-- Given data follows --

(* Consider the sub-$\ell^\infty$ structure on $\mathbb{R}^3$ defined by $X_1=\partial_x-\tfrac{y}{2}\partial_z$, $X_2=\partial_y+\tfrac{x}{2}\partial_z$. A regular bang-bang trajectory with more than $5$ arcs is not a time-minimizer.
   Context: Sub-$\ell^\infty$ structure defined by smooth vector fields $X_1,\dots,X_k$ on a manifold $M$: an admissible trajectory is an absolutely continuous curve $\gamma:[0,T]\to M$ together with a measurable control $u=(u_1,\dots,u_k):[0,T]\to\mathbb{R}^k$ with $|u_i(t)|\le1$ for all $i$ and a.e. $t$, such that $\dot\gamma(t)=\sum_i u_i(t)X_i(\gamma(t))$ for a.e. $t$. It is a time-minimizer (optimal) if no admissible trajectory joins $\gamma(0)$ to $\gamma(T)$ in time less than $T$. An extremal pair is a pair $(\lambda,\gamma)$ where $\gamma$ is admissible with control $u$ and $\lambda:[0,T]\to T^*M$ is absolutely continuous with $\lambda(t)\in T^*_{\gamma(t)}M\setminus\{0\}$, such that, with $\mathcal H(\lambda,p,u)=\sum_i u_i\langle\lambda,X_i(p)\rangle$, in canonical coordinates $\dot\lambda=-\partial_p\mathcal H(\lambda,\gamma,u)$, $\dot\gamma=\partial_\lambda\mathcal H(\lambda,\gamma,u)$ a.e., and there is a constant $\lambda_0\ge0$ with $\sum_iu_i(t)\langle\lambda(t),X_i(\gamma(t))\rangle=\sum_i|\langle\lambda(t),X_i(\gamma(t))\rangle|=\lambda_0$ for a.e. $t$; $\gamma$ is then an extremal trajectory and $\lambda$ an extremal lift. The switching functions are $\varphi_j(t)=\langle\lambda(t),X_j(\gamma(t))\rangle$. The restriction of an extremal pair to an open interval $I$ is a regular arc if $\varphi_j(t)\ne0$ for all $t\in I$ and all $j$; arcs are taken maximal (not contained in a strictly larger open interval with the same property). A regular bang-bang trajectory is an extremal trajectory with an extremal lift such that $[0,T]$ minus finitely many points is a finite union of maximal regular arcs (on each of which the control is then constant with values in $\{1,-1\}^k$); these are its arcs. *)

theory Defs
  imports "HOL-Analysis.Analysis"
begin
lemma Gamma_set_routing_unif_dominated:
  assumes "4 \<le> d" "0 < p" "p * real d \<le> 1/2" "g \<in> Gamma_set d (routing_unif p)"
  shows "\<exists>j\<in>{2..d}. (1 + p * g 1) ^ 3 < (1 + g j) * (1 + 2 * p * g j)\<^sup>2"
proof -
  define A where "A = {2, 3, 4 :: nat}"
  define v where "v = (\<lambda>k. if k \<in> A then 1 else 0 :: real)"
  let ?dot = "\<lambda>j. dotd d (gamma_vec d (routing_unif p) g j) v"
  have A: "A \<subseteq> {1..d}" "A \<noteq> {}" "card A = 3" "1 \<notin> A" "1 \<in> {1..d}"
    using assms(1) by (auto simp: A_def)
  have g_nonneg: "\<And>i. i \<in> {1..d} \<Longrightarrow> 0 \<le> g i"
    using assms(4) by (auto simp: Gamma_set_def)
  have "2 * p \<le> 1"
    using assms(1-3) mult_left_mono[of 4 "real d" p] by linarith
  have "(\<forall>k\<in>{1..d}. 0 \<le> v k) \<and> (\<exists>k\<in>{1..d}. v k \<noteq> 0) \<and> v 1 = 0"
    using A by (auto simp: v_def)
  then have "?dot 1 < Max (?dot ` {1..d})"
    using assms(4) A(5) unfolding Gamma_set_def by blast
  moreover obtain j where j: "j \<in> {1..d}" "Max (?dot ` {1..d}) = ?dot j"
    using Max_in[of "?dot ` {1..d}"] assms(1) by fastforce
  ultimately have dot_less: "?dot 1 < ?dot j"
    by simp
  then have "j \<in> {2..d}"
    using j(1) by (cases "j = 1") auto
  have "3 * ln (1 + p * g 1) \<le> ?dot 1"
    using dotd_gamma_vec_routing_unif_ge[of p d A 1 g, OF assms(2,3) A(1,5,4) g_nonneg[OF A(5)]]
    by (simp add: A(3) v_def)
  moreover have "?dot j \<le> ln (1 + g j) + 2 * ln (1 + 2 * p * g j)"
    using dotd_gamma_vec_routing_unif_le[of p d A j g, OF assms(2) \<open>2 * p \<le> 1\<close> assms(3) A(1,2) j(1) g_nonneg[OF j(1)]]
    by (simp add: A(3) v_def)
  ultimately have "3 * ln (1 + p * g 1) < ln (1 + g j) + 2 * ln (1 + 2 * p * g j)"
    using dot_less by linarith
  moreover have pos: "0 < 1 + p * g 1" "0 < 1 + g j" "0 < 1 + 2 * p * g j"
    using assms(2) g_nonneg[OF j(1)] g_nonneg[OF A(5)] by (auto intro: add_pos_nonneg)
  ultimately have "ln ((1 + p * g 1) ^ 3) < ln ((1 + g j) * (1 + 2 * p * g j)\<^sup>2)"
    by (simp add: ln_mult ln_realpow)
  then show ?thesis
    using \<open>j \<in> {2..d}\<close> pos by (subst (asm) ln_less_cancel_iff) auto
qed

lemma lower_bound_of_objective_term_gt:
  fixes s t g :: real
  assumes "0 < s" "0 < t" "0 \<le> g" "t\<^sup>2 - s\<^sup>2 < g * ((t + s)\<^sup>2 / (1 + g) - s\<^sup>2)"
  shows "(t - s) / (2 * s) < g"
proof -
  have "g * ((t + s)\<^sup>2 / (1 + g) - s\<^sup>2) = g * (t + s)\<^sup>2 / (1 + g) - g * s\<^sup>2"
    by (simp add: right_diff_distrib)
  then have "t\<^sup>2 - s\<^sup>2 < g * (t + s)\<^sup>2 / (1 + g)"
    using assms(4) mult_nonneg_nonneg[OF assms(3) zero_le_power2[of s]] by linarith
  then have "(t\<^sup>2 - s\<^sup>2) * (1 + g) < g * (t + s)\<^sup>2"
    using assms(3) by (simp add: field_simps)
  then have "(t - s) * (t + s) < (2 * s * g) * (t + s)"
    by (simp add: algebra_simps power2_eq_square)
  then have "t - s < 2 * s * g"
    using assms(1,2) by (simp add: mult_less_cancel_right_pos)
  then show ?thesis
    using assms(1) by (simp add: pos_divide_less_eq mult.commute)
qed

lemma upper_bound_of_objective_term_gt:
  fixes s t g e :: real
  assumes "0 < s" "0 \<le> g" "e \<le> s\<^sup>2" "t\<^sup>2 - e < g * ((t + s)\<^sup>2 / (1 + g) - s\<^sup>2)"
  shows "g < 2 + 2 * t / s"
proof -
  have "g * (t + s)\<^sup>2 / (1 + g) \<le> (t + s)\<^sup>2"
    using assms(2) by (simp add: field_simps)
  then have "g * s\<^sup>2 < 2 * t * s + s\<^sup>2 + e"
    using assms(4) by (simp add: algebra_simps power2_eq_square)
  also have "\<dots> \<le> (2 + 2 * t / s) * s\<^sup>2"
    using assms(1,3) by (simp add: field_simps power2_eq_square)
  finally show ?thesis
    using assms(1) by (simp add: mult_less_cancel_right_pos power2_eq_square)
qed

lemma product_le_cube_of_gamma_bounds:
  fixes p t \<sigma> s\<^sub>1 s\<^sub>j g\<^sub>1 g\<^sub>j :: real
  assumes "0 < p" "p \<le> 1/8" "0 < \<sigma>" "4096 * (3 + 2 / \<sigma>) * sqrt p \<le> \<sigma>\<^sup>2"
    and "1 \<le> t" "\<sigma> \<le> 2 * p * t"
    and "0 < s\<^sub>1" "s\<^sub>1 \<le> 2 * sqrt p" "\<sigma> \<le> s\<^sub>j" "0 \<le> g\<^sub>j"
    and "(t - s\<^sub>1) / (2 * s\<^sub>1) < g\<^sub>1" "g\<^sub>j < 2 + 2 * t / s\<^sub>j"
  shows "(1 + g\<^sub>j) * (1 + 2 * p * g\<^sub>j)\<^sup>2 \<le> (1 + p * g\<^sub>1) ^ 3"
proof -
  define q W where "q = sqrt p" and "W = 3 + 2 / \<sigma>"
  have q_pos: "0 < q" and p_eq: "p = q\<^sup>2"
    using assms(1) by (auto simp: q_def)
  have "0 < t" using assms(5) by simp
  have "2 * t / s\<^sub>j \<le> 2 * t / \<sigma>"
    using assms(3,9) \<open>0 < t\<close> by (intro divide_left_mono) auto
  then have first_factor_le: "1 + g\<^sub>j \<le> W * t"
    using assms(5,12) by (simp add: W_def algebra_simps)
  have "4 * p * t / s\<^sub>j \<le> 4 * p * t / \<sigma>"
    using assms(1,3,9) \<open>0 < t\<close> by (intro divide_left_mono) auto
  moreover have "2 \<le> 4 * p * t / \<sigma>"
    using assms(3,6) by (simp add: field_simps)
  moreover have "2 * p * g\<^sub>j \<le> 2 * p * (2 + 2 * t / s\<^sub>j)"
    using assms(1,12) by simp
  ultimately have second_factor_le: "1 + 2 * p * g\<^sub>j \<le> 8 * p * t / \<sigma>"
    using assms(2) by (simp add: algebra_simps)
  have "p * t / (4 * q) \<le> p * t / (2 * s\<^sub>1)"
    using assms(1,7,8) \<open>0 < t\<close> by (intro divide_left_mono) (auto simp: q_def)
  moreover have "p * ((t - s\<^sub>1) / (2 * s\<^sub>1)) \<le> p * g\<^sub>1"
    using assms(1,11) by (intro mult_left_mono) auto
  moreover have "p * ((t - s\<^sub>1) / (2 * s\<^sub>1)) = p * t / (2 * s\<^sub>1) - p / 2"
    using assms(7) by (simp add: field_simps)
  moreover have "p * t / (4 * q) = q * t / 4"
    using q_pos by (simp add: p_eq power2_eq_square)
  ultimately have base_ge: "q * t / 4 \<le> 1 + p * g\<^sub>1"
    using assms(2) by linarith
  \<comment> \<open>4096 = 4^3 * 8^2, and p^2 = q^4 turns the cubic comparison into this linear one in q\<close>
  have "4096 * W * q \<le> \<sigma>\<^sup>2"
    using assms(4) by (simp add: W_def q_def)
  then have "(q ^ 3 * t ^ 3) * (4096 * W * q) \<le> (q ^ 3 * t ^ 3) * \<sigma>\<^sup>2"
    using q_pos \<open>0 < t\<close> by (intro mult_left_mono) auto
  then have factor_product_le: "(W * t) * (8 * p * t / \<sigma>)\<^sup>2 \<le> (q * t / 4) ^ 3"
    using assms(3) by (simp add: p_eq field_simps power2_eq_square power3_eq_cube)
  have "(1 + g\<^sub>j) * (1 + 2 * p * g\<^sub>j)\<^sup>2 \<le> (W * t) * (8 * p * t / \<sigma>)\<^sup>2"
    using first_factor_le second_factor_le assms(1,10) by (intro mult_mono power_mono) auto
  also have "\<dots> \<le> (q * t / 4) ^ 3" by (rule factor_product_le)
  also have "\<dots> \<le> (1 + p * g\<^sub>1) ^ 3"
    using base_ge q_pos \<open>0 < t\<close> by (intro power_mono) auto
  finally show ?thesis .
qed

lemma traffic_sol_routing_unif:
  assumes "traffic_sol d lam (routing_unif p) nu" "j \<in> {1..d}"
  shows "(1 + p) * nu j = lam j + p * (\<Sum>i\<in>{1..d}. nu i)"
proof -
  have "(\<Sum>i\<in>{1..d}. nu i * routing_unif p i j) = (\<Sum>i\<in>{1..d}. p * nu i - (if i = j then p * nu i else 0))"
    by (rule sum.cong) (auto simp: routing_unif_def)
  also have "\<dots> = p * (\<Sum>i\<in>{1..d}. nu i) - p * nu j"
    using assms(2) by (simp add: sum_subtractf sum_distrib_left)
  finally show ?thesis
    using assms unfolding traffic_sol_def by (auto simp: algebra_simps)
qed

lemma traffic_sol_routing_unif_total:
  assumes "traffic_sol d lam (routing_unif p) nu"
  shows "(1 - p * (real d - 1)) * (\<Sum>i\<in>{1..d}. nu i) = (\<Sum>i\<in>{1..d}. lam i)"
proof -
  let ?S = "\<Sum>i\<in>{1..d}. nu i"
  have "(1 + p) * ?S = (\<Sum>j\<in>{1..d}. lam j + p * ?S)"
    using traffic_sol_routing_unif[OF assms] by (simp add: sum_distrib_left)
  then show ?thesis
    by (simp add: sum.distrib algebra_simps)
qed

lemma traffic_sol_routing_unif_bounds:
  assumes "traffic_sol d lam (routing_unif p) nu" "(\<Sum>i\<in>{1..d}. lam i) = 1" "lam 1 = 0"
    and "1 \<le> d" "0 < p" "p * real d \<le> 1/2"
  shows "0 < nu 1" "nu 1 \<le> 2 * p"
    and "\<And>j. j \<in> {1..d} \<Longrightarrow> 0 \<le> lam j \<Longrightarrow> nu 1 + lam j / 2 \<le> nu j"
proof -
  define S where "S = (\<Sum>i\<in>{1..d}. nu i)"
  define c where "c = 1 - p * (real d - 1)"
  have "1/2 \<le> c"
    using assms(5,6) by (simp add: c_def algebra_simps)
  moreover have "c * S = 1"
    using traffic_sol_routing_unif_total[OF assms(1)] assms(2) by (simp add: S_def c_def)
  ultimately have S_eq: "S = 1 / c"
    by (simp add: field_simps)
  have "0 < S" "S \<le> 2"
    using \<open>1/2 \<le> c\<close> unfolding S_eq by (auto simp: divide_le_eq)
  have nu1: "(1 + p) * nu 1 = p * S"
    using traffic_sol_routing_unif[OF assms(1)] assms(3,4) by (simp add: S_def)
  then show "0 < nu 1"
    using \<open>0 < S\<close> assms(5) by (metis zero_less_mult_pos mult_pos_pos add_pos_pos zero_less_one)
  then have "nu 1 \<le> (1 + p) * nu 1"
    using assms(5) by simp
  also have "\<dots> \<le> 2 * p"
    using nu1 \<open>S \<le> 2\<close> assms(5) by simp
  finally show "nu 1 \<le> 2 * p" .
  fix j assume "j \<in> {1..d}" "0 \<le> lam j"
  then have "(1 + p) * (nu j - nu 1) = lam j"
    using traffic_sol_routing_unif[OF assms(1)] nu1 by (simp add: S_def algebra_simps)
  then have "nu j - nu 1 = lam j / (1 + p)"
    using assms(5) by (simp add: field_simps)
  moreover have "p \<le> 1"
    using assms(4,5,6) mult_left_mono[of 1 "real d" p] by linarith
  moreover have "lam j / 2 \<le> lam j / (1 + p)"
    using \<open>0 \<le> lam j\<close> \<open>p \<le> 1\<close> assms(5) by (intro divide_left_mono) auto
  ultimately show "nu 1 + lam j / 2 \<le> nu j"
    by linarith
qed

lemma objective_le_of_mem_Gamma_set:
  assumes "4 \<le> d" "0 < p" "p * real d \<le> 1/2"
    and "0 < \<sigma>" "4096 * (3 + 2 / \<sigma>) * sqrt p \<le> \<sigma>\<^sup>2" "1 \<le> t" "\<sigma> \<le> 2 * p * t"
    and "0 < nu 1" "nu 1 \<le> 2 * p" "\<And>j. j \<in> {2..d} \<Longrightarrow> nu 1 + \<sigma>\<^sup>2 \<le> nu j"
    and "\<And>i. i \<in> {1..d} \<Longrightarrow> mu i = (t + sqrt (nu i))\<^sup>2"
    and "g \<in> Gamma_set d (routing_unif p)"
  shows "objective d mu nu g \<le> t\<^sup>2 - nu 1"
proof (rule ccontr)
  assume "\<not> ?thesis"
  then have "t\<^sup>2 - nu 1 < objective d mu nu g"
    by simp
  then have term_gt: "t\<^sup>2 - nu 1 < g i * (mu i / (1 + g i) - nu i)" if "i \<in> {1..d}" for i
    unfolding objective_def using that assms(1) by (subst (asm) Min_gr_iff) auto
  have g_nonneg: "0 \<le> g i" if "i \<in> {1..d}" for i
    using assms(12) that by (auto simp: Gamma_set_def)
  have "p \<le> 1/8"
    using assms(1-3) mult_left_mono[of 4 "real d" p] by linarith
  have s1: "0 < sqrt (nu 1)" "sqrt (nu 1) \<le> 2 * sqrt p"
    using assms(8,9) real_sqrt_le_mono[of "nu 1" "2\<^sup>2 * p"] by (auto simp: real_sqrt_mult)
  have "1 \<in> {1..d}"
    using assms(1) by simp
  then have "t\<^sup>2 - (sqrt (nu 1))\<^sup>2 < g 1 * ((t + sqrt (nu 1))\<^sup>2 / (1 + g 1) - (sqrt (nu 1))\<^sup>2)"
    using term_gt[of 1] assms(8,11) by simp
  then have g1: "(t - sqrt (nu 1)) / (2 * sqrt (nu 1)) < g 1"
    using s1(1) assms(6) g_nonneg[OF \<open>1 \<in> {1..d}\<close>] by (intro lower_bound_of_objective_term_gt) auto
  obtain j where j: "j \<in> {2..d}" "(1 + p * g 1) ^ 3 < (1 + g j) * (1 + 2 * p * g j)\<^sup>2"
    using Gamma_set_routing_unif_dominated[OF assms(1-3,12)] by blast
  have nu_j: "nu 1 + \<sigma>\<^sup>2 \<le> nu j"
    using assms(10)[OF j(1)] .
  then have sj: "\<sigma> \<le> sqrt (nu j)"
    using assms(4,8) real_sqrt_le_mono[of "\<sigma>\<^sup>2" "nu j"] by simp
  have "nu 1 \<le> nu j"
    using nu_j zero_le_power2[of \<sigma>] by linarith
  then have "0 < sqrt (nu j)" "nu 1 \<le> (sqrt (nu j))\<^sup>2"
    using assms(8) by auto
  moreover have "t\<^sup>2 - nu 1 < g j * ((t + sqrt (nu j))\<^sup>2 / (1 + g j) - (sqrt (nu j))\<^sup>2)"
    using term_gt[of j] assms(11)[of j] j(1) \<open>nu 1 \<le> nu j\<close> assms(8) by simp
  moreover have gj_nonneg: "0 \<le> g j"
    using g_nonneg j(1) by simp
  ultimately have gj: "g j < 2 + 2 * t / sqrt (nu j)"
    by (intro upper_bound_of_objective_term_gt)
  have "(1 + g j) * (1 + 2 * p * g j)\<^sup>2 \<le> (1 + p * g 1) ^ 3"
    by (rule product_le_cube_of_gamma_bounds[OF assms(2) \<open>p \<le> 1/8\<close> assms(4-7) s1 sj gj_nonneg g1 gj])
  with j(2) show False
    by (simp add: not_le[symmetric])
qed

-- Given data concluded --

◆ What the exercise asks: Scan the lines above for the word "lemma" and copy every one where it occurs.

◆ Exercise output:
lemma Gamma_set_routing_unif_dominated:
lemma lower_bound_of_objective_term_gt:
lemma upper_bound_of_objective_term_gt:
lemma product_le_cube_of_gamma_bounds:
lemma traffic_sol_routing_unif:
lemma traffic_sol_routing_unif_total:
lemma traffic_sol_routing_unif_bounds:
lemma objective_le_of_mem_Gamma_set:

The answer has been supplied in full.